◆ **Dataset entries**
text \<open>Splitting \<open>[1, n]\<close> into a prefix of length \<open>t\<close>, \<open>h\<close> windows of length \<open>M\<close> and a
  suffix of length \<open>2h - t\<close>, the lower bounds \<open>-t\<close>, \<open>2h\<close> and \<open>t - 2h\<close> of the three parts
  add up to the total \<open>0\<close>, so all of them are attained.\<close>
lemma tight_decomposition:
  assumes "t \<le> 2 * h"
  shows "\<forall>y\<in>{0<..t}. f y = -1"
    and "\<And>j. j < h \<Longrightarrow> window_sum f M (t + j * M) = 2"
    and "\<forall>y\<in>{t + h * M<..n}. f y = -1"
proof -
  define s where "s = 2 * h - t"
  have n_split: "n = t + h * M + s" using assms n_eq by (simp add: s_def)
  have prefix_ge: "\<forall>y\<in>{0<..0 + t}. -1 \<le> f y"
    by (rule minus_one_le_on) (use n_split in auto)
  have suffix_ge: "\<forall>y\<in>{t + h * M<..t + h * M + s}. -1 \<le> f y"
    by (rule minus_one_le_on) (use n_split in auto)
  have blocks_ge: "\<forall>j\<in>{..<h}. 2 \<le> window_sum f M (t + j * M)"
  proof
    fix j assume "j \<in> {..<h}"
    then have "j * M + M \<le> h * M" using mult_le_mono1[of "Suc j" h M] by simp
    then show "2 \<le> window_sum f M (t + j * M)" using n_split by (intro window_sum_ge_two) simp
  qed
  have "0 = window_sum f t 0 + window_sum f (h * M) t + window_sum f s (t + h * M)"
    using total_zero by (simp add: n_split window_sum_add)
  moreover have "- int t \<le> window_sum f t 0"
    using window_sum_ge_bound[OF prefix_ge] by simp
  moreover have "- int s \<le> window_sum f s (t + h * M)"
    using window_sum_ge_bound[OF suffix_ge] by simp
  moreover have "int (2 * h) \<le> window_sum f (h * M) t"
    using sum_bounded_below[of "{..<h}" 2 "\<lambda>j. window_sum f M (t + j * M)"] blocks_ge
    by (simp add: window_sum_mult)
  ultimately have prefix_tight: "window_sum f t 0 \<le> - int t"
    and blocks_tight: "(\<Sum>j<h. window_sum f M (t + j * M)) \<le> of_nat (card {..<h}) * 2"
    and suffix_tight: "window_sum f s (t + h * M) \<le> - int s"
    using assms by (simp_all add: s_def window_sum_mult)
  show "\<forall>y\<in>{0<..t}. f y = -1"
    using window_sum_ge_bound_eqD[OF prefix_ge] prefix_tight by simp
  show "window_sum f M (t + j * M) = 2" if "j < h" for j
    using sum_ge_bound_eqD[OF _ blocks_ge blocks_tight] that by simp
  show "\<forall>y\<in>{t + h * M<..n}. f y = -1"
    using window_sum_ge_bound_eqD[OF suffix_ge] suffix_tight n_split by simp
qed

lemma window_sum_eq_two:
  assumes "x mod M \<le> 2 * h" and "x + M \<le> n"
  shows "window_sum f M x = 2"
proof -
  have "x div M < h"
  proof (rule ccontr)
    assume "\<not> x div M < h"
    then have "h * M \<le> x div M * M" by simp
    also have "\<dots> \<le> x" by (rule div_times_less_eq_dividend)
    finally show False using assms(2) n_eq M_eq by simp
  qed
  then show ?thesis
    using tight_decomposition(2)[OF assms(1), of "x div M"] by (simp add: mult.commute)
qed

lemma minus_one_on_low_residues:
  assumes "y \<le> n" and "y mod M \<in> {1..2 * h}"
  shows "f y = -1"
  using assms
proof (induction y rule: less_induct)
  case (less y)
  show ?case
  proof (cases "y < M")
    case True
    then show ?thesis using less.prems tight_decomposition(1)[of "2 * h"] by simp
  next
    case False
    have "M < y" using False less.prems(2) by (cases "y = M") auto
    define x where "x = y - M - 1"
    have y_eq: "y = Suc x + M" and residue: "Suc x mod M = y mod M"
      using \<open>M < y\<close> by (simp_all add: x_def le_mod_geq Suc_diff_Suc)
    then have "f (Suc x) = -1" using less M_eq by simp
    moreover have "window_sum f M (Suc x) = 2" and "window_sum f M x = 2"
      using less.prems residue y_eq by (auto intro!: window_sum_eq_two simp: mod_Suc split: if_splits)
    ultimately show ?thesis using window_sum_Suc[of f M x] y_eq by simp
  qed
qed

lemma plus_one_on_high_residues:
  assumes "y \<in> {1..n}" and "y mod M \<notin> {1..2 * h}"
  shows "f y = 1"
proof -
  obtain x where "M dvd x" and "x + M \<le> n" and y_in: "y \<in> {x + 2 * h<..x + M}"
  proof (cases "y mod M = 0")
    case True
    then have "M dvd y" and "M \<le> y" using assms(1) M_eq by (auto simp: dvd_imp_le)
    then show ?thesis using that[of "y - M"] assms(1) M_eq by auto
  next
    case False
    then have high: "2 * h < y mod M" using assms(2) by auto
    have "y div M < h"
    proof (rule ccontr)
      assume "\<not> y div M < h"
      then have "h * M \<le> y div M * M" by simp
      then have "h * M + y mod M \<le> y" using div_mult_mod_eq[of y M] by linarith
      then show False using assms(1) high n_eq by simp
    qed
    then have "y div M * M + M \<le> n" using n_eq mult_le_mono1[of "Suc (y div M)" h M] by simp
    moreover have "y mod M < M" using M_eq by simp
    ultimately show ?thesis
      using that[of "y div M * M"] high div_mult_mod_eq[of y M] by auto
  qed
  have low: "\<forall>z\<in>{x<..x + 2 * h}. f z = -1"
  proof
    fix z assume z: "z \<in> {x<..x + 2 * h}"
    obtain c where "x = c * M" using \<open>M dvd x\<close> by (metis dvdE mult.commute)
    with z have "z = (z - x) + c * M" by simp
    then have "z mod M = (z - x) mod M" by (metis mod_mult_self1)
    also have "\<dots> = z - x" using z M_eq by (intro mod_less) auto
    finally have "z mod M = z - x" .
    then show "f z = -1" using z \<open>x + M \<le> n\<close> M_eq by (intro minus_one_on_low_residues) auto
  qed
  have "window_sum f M x = 2"
    using \<open>M dvd x\<close> \<open>x + M \<le> n\<close> by (intro window_sum_eq_two) auto
  moreover have "window_sum f M x = window_sum f (2 * h) x + window_sum f (2 * h + 2) (x + 2 * h)"
    using window_sum_add[of f "2 * h" "2 * h + 2" x] M_eq by (simp add: add.assoc)
  ultimately have "window_sum (\<lambda>z. - f z) (2 * h + 2) (x + 2 * h) \<le> of_nat (2 * h + 2) * -1"
    using window_sum_const[OF low] by (simp add: window_sum_uminus)
  moreover have "\<forall>z\<in>{x + 2 * h<..x + 2 * h + (2 * h + 2)}. -1 \<le> - f z"
  proof
    fix z assume "z \<in> {x + 2 * h<..x + 2 * h + (2 * h + 2)}"
    then have "z \<in> {1..n}" using M_eq \<open>x + M \<le> n\<close> by auto
    then show "-1 \<le> - f z" using pm1 by fastforce
  qed
  ultimately show ?thesis
    using window_sum_ge_bound_eqD[of "x + 2 * h" "2 * h + 2" "-1" "\<lambda>z. - f z" y] y_in M_eq by simp
qed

◆ **About this exercise**
Copy out every line of the data where the word "intro" occurs.

◆ **Output for this exercise**
    then show "2 \<le> window_sum f M (t + j * M)" using n_split by (intro window_sum_ge_two) simp
      using less.prems residue y_eq by (auto intro!: window_sum_eq_two simp: mod_Suc split: if_splits)
    also have "\<dots> = z - x" using z M_eq by (intro mod_less) auto
    then show "f z = -1" using z \<open>x + M \<le> n\<close> M_eq by (intro minus_one_on_low_residues) auto
    using \<open>M dvd x\<close> \<open>x + M \<le> n\<close> by (intro window_sum_eq_two) auto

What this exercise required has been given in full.